I suspect that's what you might have had if Stephen Lewis had ever become leader on his terms(terms which, as I understand it, would basically have meant a purge of all remaining leftists and socialist from the party and the near-abolition of internal democracy within the party), but now it's what you might end up with if someone like Pat Martin were to become leader.

 

Malcolm Malcolm's picture

The worst possible outcome is a Harper majority.

The next worst is a Liberal majority - only better because Count Ignatieff is not as competent as Harper and would be less effective at moving the shared corporate agenda forward.

VectoV

[quote=absentia]

The worst thing that could happen is an alliance (I refuse to call them conservatives, just as i would refuse to call the wolf Grandma) majority, and they carry out their entire agenda. After that, there is literally nothing we can do, becaue the police state is nearly complete now; in two years, it will be complete. Wire-tapping, all unions illegal, no protest, no legal recourse, no help for the poor, no social services..... The worst thing that can happen has already happened in a lot of places, is on the way to happenning in the US and Canadians are electing one fathead after another. I'm not sure how it's possible to warn Canadians of the outcome, and they may not listen anyway, just as they sdidn't the last eight times.

Where did you buy your crystal ball from?

VectoV

We can expect nuclear power and all the environmental problems ...look at oil sand problems as an example or pipeline problems etc.
Add this all up and what do you get? And What country do you have ?
Answer ..A conservative country and while they are somewhat weakened by being a minority and only propped up by libs...you can bet they would have no problemo implementing a very nasty and cruel agenda if given the opportunity.

 

The oilsands isn't a perfect situation by any stretch of the imagination. I know because I've worked up there. But to simplify, how do you stay warm at night? Do you pedal everywhere you go? What do you think the solution is? Just curious. What is this cruel agenda?

 

Buddy Kat

From vectov join date ..he/she could be one of those harper plants...

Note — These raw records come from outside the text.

lemma unique_max_remainder_eq_d_minus_3:
  assumes "d \<ge> 3" "g = k * (d - 1) + s" "k \<ge> 1" "s + 3 = d" "g \<noteq> 2 * (d - 2)"
  shows "unique_max d g k ([k] @ replicate (d - 2) (k + 2))"
proof -
  obtain e where d: "d = e + 3" using assms(1) by (auto simp: le_iff_add)
  have s: "s = e" using assms(4) d by simp
  have "k \<ge> 2" using assms(2,3,5) d s by (cases "k = 1") auto
  then obtain k' where k: "k = k' + 2" by (auto simp: le_iff_add)
  have d12: "d - 1 = e + 2" "d - 2 = e + 1" using d by auto
  have t: "[k] @ replicate (d - 2) (k + 2) = k # balanced (d - 2) 0 (k + 2)"
    by (simp add: balanced_def)
  have "2 * (k + (k + 2) * (d - 2) + 0) = bval d g"
    "bval d g \<le> k * (d * (d - 1))" "(k + 2) * d \<le> bval d g"
    unfolding bval_def assms(2) d12 unfolding d k s by (simp_all add: algebra_simps)
  moreover have "hd (balanced (d - 2) 0 (k + 2)) = k + 2"
    "last (balanced (d - 2) 0 (k + 2)) = k + 2"
    unfolding d12 by (simp_all add: balanced_def)
  ultimately show ?thesis
    unfolding t using assms(1) k by (intro unique_max_Cons_balancedI) auto
qed

lemma unique_max_remainder_eq_d_minus_2:
  assumes "d \<ge> 3" "g = k * (d - 1) + s" "k \<ge> 1" "s + 2 = d" "g \<noteq> 2 * d - 3"
    "(d, g) \<noteq> (3, 5)"
  shows "unique_max d g k ([k] @ replicate (d - 3) (k + 2) @ [k + 3])"
proof -
  obtain e where d: "d = e + 3" using assms(1) by (auto simp: le_iff_add)
  have s: "s = e + 1" using assms(4) d by simp
  have "k \<ge> 2" using assms(2,3,5) d s by (cases "k = 1") auto
  then obtain k' where k: "k = k' + 2" by (auto simp: le_iff_add)
  have e0: "e = 0 \<Longrightarrow> k' \<noteq> 0" using assms(2,6) d s k by auto
  have d12: "d - 1 = e + 2" "d - 2 = e + 1" using d by auto
  have t: "[k] @ replicate (d - 3) (k + 2) @ [k + 3] = k # balanced (d - 2) 1 (k + 2)"
    using d by (simp add: balanced_def)
  have "2 * (k + (k + 2) * (d - 2) + 1) = bval d g"
    unfolding bval_def assms(2) d12 unfolding d k s by (simp add: algebra_simps)
  moreover have "bval d g \<le> k * (d * (d - 1)) \<and> (k + 3) * d \<le> bval d g"
  proof (cases "e = 0")
    case True
    then obtain j where "k' = j + 1" using e0 by (auto simp: neq0_conv dest: less_imp_Suc_add)
    then show ?thesis unfolding bval_def assms(2) d12 unfolding d k s True
      by (simp add: algebra_simps)
  next
    case False
    then obtain j where "e = j + 1" by (auto simp: neq0_conv dest: less_imp_Suc_add)
    then show ?thesis unfolding bval_def assms(2) d12 unfolding d k s
      by (simp add: algebra_simps)
  qed
  moreover have "hd (balanced (d - 2) 1 (k + 2)) \<le> 2 * k"
    unfolding d12 using e0 k by (cases e) (auto simp: balanced_def)
  moreover have "last (balanced (d - 2) 1 (k + 2)) = k + 3"
    unfolding d12 by (simp add: balanced_def)
  ultimately show ?thesis
    unfolding t using assms(1) d k by (intro unique_max_Cons_balancedI) auto
qed

theorem mainTheorem4:
  fixes d g k s :: nat
  assumes "d \<ge> 3" and "g \<ge> d" and "g = k * (d - 1) + s" and "k \<ge> 1" and "s \<le> d - 2"
  shows "(s + 4 \<le> d \<longrightarrow>
            unique_max d g k ([k] @ replicate (d - s - 3) (k + 1) @ replicate (s + 1) (k + 2)))
       \<and> (s + 3 = d \<and> g \<noteq> 2 * (d - 2) \<longrightarrow>
            unique_max d g k ([k] @ replicate (d - 2) (k + 2)))
       \<and> (s + 2 = d \<and> g \<noteq> 2 * d - 3 \<and> (d, g) \<noteq> (3, 5) \<longrightarrow>
            unique_max d g k ([k] @ replicate (d - 3) (k + 2) @ [k + 3]))"
  using unique_max_remainder_le_d_minus_4[OF assms(1,3,4)]
    unique_max_remainder_eq_d_minus_3[OF assms(1,3,4)]
    unique_max_remainder_eq_d_minus_2[OF assms(1,3,4)]
  by blast
lemma hnorm_le_subspace_dist_at_limit:
  assumes p: "p \<in> D" and lim: "\<And>e. e > 0 \<Longrightarrow> \<exists>N. \<forall>n\<ge>N. hnorm q (ms n - p) < e"
  shows "hnorm q (x - p) \<le> subspace_dist M x"
proof (rule field_le_epsilon)
  let ?d = "subspace_dist M x"
  fix e :: real
  assume e: "e > 0"
  obtain N1 where N1: "\<forall>n\<ge>N1. hnorm q (ms n - p) < e / 2"
    using lim[of "e / 2"] e by auto
  obtain N2 where N2: "\<forall>n\<ge>N2. 1 / (real n + 1) < (e / 2)\<^sup>2"
    using one_over_Suc_less[of "(e / 2)\<^sup>2"] e by auto
  define n where "n = max N1 N2"
  have "(?d + e / 2)\<^sup>2 = ?d\<^sup>2 + (e / 2)\<^sup>2 + ?d * e"
    by (simp add: power2_sum)
  moreover have "1 / (real n + 1) < (e / 2)\<^sup>2"
    using N2 by (simp add: n_def)
  moreover have "0 \<le> ?d * e"
    using subspace_dist_nonneg e by simp
  ultimately have "(hnorm q (x - ms n))\<^sup>2 < (?d + e / 2)\<^sup>2"
    using ms_close[of n] by linarith
  then have "hnorm q (x - ms n) < ?d + e / 2"
    by (rule power_less_imp_less_base) (use subspace_dist_nonneg e in simp)
  moreover have "hnorm q (ms n - p) < e / 2"
    using N1 by (simp add: n_def)
  moreover have "hnorm q (x - p) \<le> hnorm q (x - ms n) + hnorm q (ms n - p)"
    by (rule hnorm_triangle_diff) (simp_all add: x p M_D ms)
  ultimately show "hnorm q (x - p) \<le> ?d + e"
    by linarith
qed

end

lemma best_approximation:
  obtains p where "p \<in> D" "\<And>e. e > 0 \<Longrightarrow> \<exists>m\<in>M. hnorm q (m - p) < e"
    "\<And>m. m \<in> M \<Longrightarrow> hnorm q (x - p) \<le> hnorm q (x - p + m)"
proof -
  let ?d = "subspace_dist M x"
  obtain ms where ms: "\<And>n. ms n \<in> M"
    and ms_close: "\<And>n. (hnorm q (x - ms n))\<^sup>2 < ?d\<^sup>2 + 1 / (real n + 1)"
    using minimizing_sequence by blast
  have "\<exists>p\<in>D. \<forall>e>0. \<exists>N. \<forall>n\<ge>N. hnorm q (ms n - p) < e"
    using complete[of ms] M_D[OF ms] minimizing_sequence_Cauchy[OF ms ms_close] by blast
  then obtain p where p: "p \<in> D" and lim: "\<And>e. e > 0 \<Longrightarrow> \<exists>N. \<forall>n\<ge>N. hnorm q (ms n - p) < e"
    by blast
  have le: "hnorm q (x - p) \<le> ?d"
    by (rule hnorm_le_subspace_dist_at_limit[OF ms ms_close p lim])
  have ge: "?d \<le> hnorm q (x - p + m)" if m: "m \<in> M" for m
  proof (rule field_le_epsilon)
    fix e :: real
    assume "e > 0"
    then obtain N where "\<forall>n\<ge>N. hnorm q (ms n - p) < e"
      using lim by blast
    then have N: "hnorm q (ms N - p) < e"
      by simp
    have "ms N - m \<in> M"
      using M(1) ms m lin_subspace_diff by blast
    then have "?d \<le> hnorm q (x - (ms N - m))"
      by (rule subspace_dist_le)
    also have "hnorm q (x - (ms N - m)) = hnorm q ((x - p + m) + (p - ms N))"
      by (rule arg_cong[where f = "hnorm q"]) (simp add: algebra_simps)
    also have "\<dots> \<le> hnorm q (x - p + m) + hnorm q (p - ms N)"
      by (rule hnorm_triangle) (simp_all add: x p M_D ms m)
    also have "hnorm q (p - ms N) = hnorm q (ms N - p)"
      by (rule hnorm_minus_commute[OF p M_D[OF ms]])
    finally show "?d \<le> hnorm q (x - p + m) + e"
      using N by simp
  qed
  show ?thesis
  proof (rule that[OF p])
    show "\<exists>m\<in>M. hnorm q (m - p) < e" if e: "e > 0" for e
    proof -
      obtain N where "\<forall>n\<ge>N. hnorm q (ms n - p) < e"
        using lim[OF e] by blast
      then have "hnorm q (ms N - p) < e"
        by simp
      then show ?thesis
        using ms[of N] by blast
    qed
    show "hnorm q (x - p) \<le> hnorm q (x - p + m)" if "m \<in> M" for m
      using le ge[OF that] by linarith
  qed
qed

end

text \<open>Minimising \<open>\<parallel>z + a m\<parallel>\<^sup>2\<close> over \<open>a\<close> at \<open>a = - t \<langle>z|m\<rangle>\<^sup>*\<close> with \<open>t\<close> small.\<close>

lemma inner_eq_zero_if_hnorm_minimal:
  assumes z: "z \<in> D" and m: "m \<in> D" and min: "\<And>a. hnorm q z \<le> hnorm q (z + sm a m)"
  shows "q z m = 0"
proof -
  define W where "W = (cmod (q z m))\<^sup>2"
  define Qm where "Qm = Re (q m m)"
  define t where "t = 1 / (Qm + 1)"
  have Qm: "0 \<le> Qm"
    using inner_self_nonneg m by (simp add: Qm_def)
  have t: "0 < t" "t * Qm \<le> 1"
    using Qm by (simp_all add: t_def divide_le_eq)
  define a where "a = - (complex_of_real t * cnj (q z m))"
  have "(hnorm q z)\<^sup>2 \<le> (hnorm q (z + sm a m))\<^sup>2"
    using min[of a] by (rule power_mono) (simp add: z hnorm_nonneg)
  also have "(hnorm q (z + sm a m))\<^sup>2 = Re (q z z) + 2 * Re (a * q z m) + (cmod a)\<^sup>2 * Qm"
    using inner_self_add_sm[OF z m, of a] hnorm_sq z m by (simp add: Qm_def)
  also have "a * q z m = - complex_of_real (t * W)"
    using complex_norm_square[of "q z m"] by (simp add: a_def W_def mult.commute)
  also have "(cmod a)\<^sup>2 = t\<^sup>2 * W"
    using t by (simp add: a_def W_def norm_mult power_mult_distrib)
  finally have "t * (2 * W) \<le> t * ((t * Qm) * W)"
    using hnorm_sq[OF z] by (simp add: power2_eq_square algebra_simps)
  then have "2 * W \<le> (t * Qm) * W"
    using t(1) by simp
  also have "\<dots> \<le> W"
    using t Qm by (intro mult_left_le_one_le) (simp_all add: W_def)
  finally show ?thesis
    by (simp add: W_def)
qed

lemma dense_if_orthogonal_complement_trivial:
  assumes M: "lin_subspace sm M" "M \<subseteq> D"
    and orth: "\<And>w. w \<in> D \<Longrightarrow> (\<forall>m\<in>M. q w m = 0) \<Longrightarrow> w = 0"
    and x: "x \<in> D" and e: "e > 0"
  shows "\<exists>m\<in>M. hnorm q (x - m) < e"
proof -
  obtain p where p: "p \<in> D" "\<And>e. e > 0 \<Longrightarrow> \<exists>m\<in>M. hnorm q (m - p) < e"
    and min: "\<And>m. m \<in> M \<Longrightarrow> hnorm q (x - p) \<le> hnorm q (x - p + m)"
    using best_approximation[OF M x] by blast
  have "q (x - p) m = 0" if m: "m \<in> M" for m
  proof (rule inner_eq_zero_if_hnorm_minimal)
    show "x - p \<in> D" "m \<in> D"
      using x p m M by auto
    show "hnorm q (x - p) \<le> hnorm q (x - p + sm a m)" for a
      using min lin_subspace_sm[OF M(1) m] by blast
  qed
  then have "x = p"
    using orth[of "x - p"] x p by simp
  obtain m where m: "m \<in> M" "hnorm q (m - p) < e"
    using p(2)[OF e] by blast
  have "hnorm q (x - m) = hnorm q (m - p)"
    using hnorm_minus_commute[OF x, of m] m(1) M \<open>x = p\<close> by auto
  with m have "hnorm q (x - m) < e"
    by simp
  with m(1) show ?thesis
    by blast
qed

end

section \<open>The square root of \<open>A\<close> and its graph norm\<close>

lemma hilbert_on_UNIV_if_complex_hilbert:
  assumes "complex_hilbert sm ip"
  shows "hilbert_on sm UNIV ip"
proof -
  note h = assms[unfolded complex_hilbert_def]
  show ?thesis
  proof (unfold_locales)
    fix a b x y z and s :: "nat \<Rightarrow> _"
    show "sm a (x + y) = sm a x + sm a y" using h by (elim conjE) blast
    show "sm (a + b) x = sm a x + sm b x" using h by (elim conjE) blast
    show "sm a (sm b x) = sm (a * b) x" using h by (elim conjE) blast
    show "sm 1 x = x" using h by (elim conjE) blast
    show "ip x (y + z) = ip x y + ip x z" using h by (elim conjE) blast
    show "ip x (sm a y) = a * ip x y" using h by (elim conjE) blast
    show "ip y x = cnj (ip x y)" using h by (elim conjE) blast
    show "0 \<le> Re (ip x x)" using h by (elim conjE) blast
    show "ip x x = 0 \<Longrightarrow> x = 0" using h by (elim conjE) blast
    have "\<forall>s :: nat \<Rightarrow> _. (\<forall>e>0. \<exists>N. \<forall>m\<ge>N. \<forall>n\<ge>N. hnorm ip (s m - s n) < e) \<longrightarrow>
        (\<exists>l. \<forall>e>0. \<exists>N. \<forall>n\<ge>N. hnorm ip (s n - l) < e)"
      using h by (elim conjE) assumption
    then show "\<forall>n. s n \<in> UNIV \<Longrightarrow> \<forall>e>0. \<exists>N. \<forall>m\<ge>N. \<forall>n\<ge>N. hnorm ip (s m - s n) < e \<Longrightarrow>
        \<exists>l\<in>UNIV. \<forall>e>0. \<exists>N. \<forall>n\<ge>N. hnorm ip (s n - l) < e"
      by blast
  qed (simp add: lin_subspace_def)
qed

locale coercive_root =
  fixes sm :: "complex \<Rightarrow> 'x::ab_group_add \<Rightarrow> 'x"
    and ip :: "'x \<Rightarrow> 'x \<Rightarrow> complex"
    and DA :: "'x set" and A :: "'x \<Rightarrow> 'x"
    and DS :: "'x set" and S :: "'x \<Rightarrow> 'x"
    and \<epsilon> :: real
  assumes hilb: "complex_hilbert sm ip"
    and eps_pos: "\<epsilon> > 0"
    and A_sa: "self_adjoint sm ip DA A"
    and A_lower: "\<forall>\<xi>\<in>DA. Re (ip \<xi> (A \<xi>)) \<ge> \<epsilon> * Re (ip \<xi> \<xi>)"
    and sqrtA: "is_pos_sqrt sm ip DS S DA A"
begin

sublocale X: hilbert_on sm UNIV ip
  by (rule hilbert_on_UNIV_if_complex_hilbert[OF hilb])

abbreviation "nrm \<equiv> hnorm ip"

lemma nrm_nonneg [simp]: "0 \<le> nrm x"
  by (simp add: X.hnorm_nonneg)

lemma S_linear: "linear_op sm DS S"
  and S_symmetric: "\<xi> \<in> DS \<Longrightarrow> \<eta> \<in> DS \<Longrightarrow> ip \<eta> (S \<xi>) = ip (S \<eta>) \<xi>"
  and S_adj_dom: "adj_dom ip DS S = DS"
  and DS_dense: "e > 0 \<Longrightarrow> \<exists>y\<in>DS. nrm (x - y) < e"
  and DA_eq: "DA = {\<xi>\<in>DS. S \<xi> \<in> DS}"
  and S_S: "\<xi> \<in> DA \<Longrightarrow> S (S \<xi>) = A \<xi>"
  using sqrtA by (simp_all add: is_pos_sqrt_def self_adjoint_def dense_in_def)

lemma A_linear: "linear_op sm DA A"
  and A_adj_dom: "adj_dom ip DA A = DA"
  using A_sa by (simp_all add: self_adjoint_def)

lemma DA_DS: "\<xi> \<in> DA \<Longrightarrow> \<xi> \<in> DS"
  and S_DA_DS: "\<xi> \<in> DA \<Longrightarrow> S \<xi> \<in> DS"
  by (simp_all add: DA_eq)

lemma DS_subspace: "lin_subspace sm DS"
  by (rule X.linear_op_subspace[OF S_linear])

lemma DS_zero [simp]: "0 \<in> DS"
  and DS_add [simp]: "x \<in> DS \<Longrightarrow> y \<in> DS \<Longrightarrow> x + y \<in> DS"
  and DS_sm [simp]: "x \<in> DS \<Longrightarrow> sm a x \<in> DS"
  and DS_diff [simp]: "x \<in> DS \<Longrightarrow> y \<in> DS \<Longrightarrow> x - y \<in> DS"
  by (simp_all add: DS_subspace X.lin_subspace_zero X.lin_subspace_add X.lin_subspace_sm
      X.lin_subspace_diff)

lemma S_add: "x \<in> DS \<Longrightarrow> y \<in> DS \<Longrightarrow> S (x + y) = S x + S y"
  and S_sm: "x \<in> DS \<Longrightarrow> S (sm a x) = sm a (S x)"
  and S_diff: "x \<in> DS \<Longrightarrow> y \<in> DS \<Longrightarrow> S (x - y) = S x - S y"
  by (simp_all add: X.linear_op_add[OF S_linear] X.linear_op_sm[OF S_linear]
      X.linear_op_diff[OF S_linear])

You have just witnessed what happens when harper has some power and the poisoning of water and the environment and you think things will be better when he has absolute power?

 

This has nothing to do with keeping warm..If all the oil sands were doing , was providing Canadians with heat there wouldn't be a problem..The big problem is they are providing heat,oil etc for another country....that has ten times the population of Canada. Furthur if they had to invest in all environmentally friendly and safe projects there profit that comes from selling there product would disappear. Compound that with the fact that Harper has ruined environmetal assessment agencys...it isn't quantum mechanics!

-----------------------------------------------------------------------------------------------------------------------------------------------

Edited cause I tore Alberta to pieces and Lord Thundrin Jezus thought it was worse than any right winger could do..and therfore sets a bad example....but just goes to show that even leftys can get involved in "blood sports "too.

 

Lard Tunderin Jeezus Lard Tunderin Jeezus's picture

Edited to say

Thanks for dialing it back a few notches.

absentia

My chrystal ball is called CBC.

Keeping warm belongs in other - gods know how many other! - threads, but bicycling is certainly one way that's never going to be explored by a 'conservative' government. All the fathead mayors are probably sending their robocops out right now to mine the bike paths.